Are MSF wavelets minimally supported?
Marcin Bownik, Ziemowit Rzeszotnik, Darrin Speegle
TL;DR
The paper resolves a non-measurable variant of Larson's question by proving that the Fourier support $E$ of any dyadic wavelet necessarily contains a (possibly non-measurable) wavelet set. It connects wavelet sets, MSF wavelets, and operator-theoretic constructions with tiling concepts, leveraging Isbell's diagonal theorem for doubly stochastic matrices to extract a subset within $E$ that tiles under both translations and dilations. The results highlight a geometric structure in $\operatorname{supp}\hat{\psi}$ and establish that a non-measurable wavelet-set inside the support always exists, while measurability of such a set remains open in general.
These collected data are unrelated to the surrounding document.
definition min_label :: "nat set \<Rightarrow> letter list \<Rightarrow> letter list \<Rightarrow> letter" where
  "min_label S z u = Min (first_labels S z u)"

lemma plain_deletions_is_A:
  "shuffle_below M N z u \<Longrightarrow> d \<in> plain_deletions S z u \<Longrightarrow> \<exists>m. d = A m"
  by (auto simp: plain_deletions_def dest: shuffle_below_old_letter)

lemma step_label_mem_first_labels:
  assumes "shuffle_below M N z u" "shuffle_step z z1" "shuffle_below M N z1 u"
  shows "step_label S z z1 \<in> first_labels S z u"
  using assms
proof (cases rule: shuffle_step_toward_cases[where S = S])
  case (fresh a k d b)
  then have "sublist [X k, d] z"
    by (auto simp: sublist_pair_iff)
  with fresh show ?thesis
    by (auto simp: first_labels_def x_labels_def)
qed (auto simp: first_labels_def plain_deletions_def x_labels_def)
The work also discusses Steinhaus-type tiling problems, MRA-related observations, and related measurable-subset results, framing avenues for stronger, dimension-function–preserving questions.
Abstract
Larson's problem asks ``Must the support of the Fourier transform of a wavelet contain a wavelet set?". We give an affirmative answer to a non-measurable variant of this question by proving that the Fourier transform of a wavelet must contain a possibly non-measurable wavelet set. We also provide background results on Larson's problem and propose two new related problems.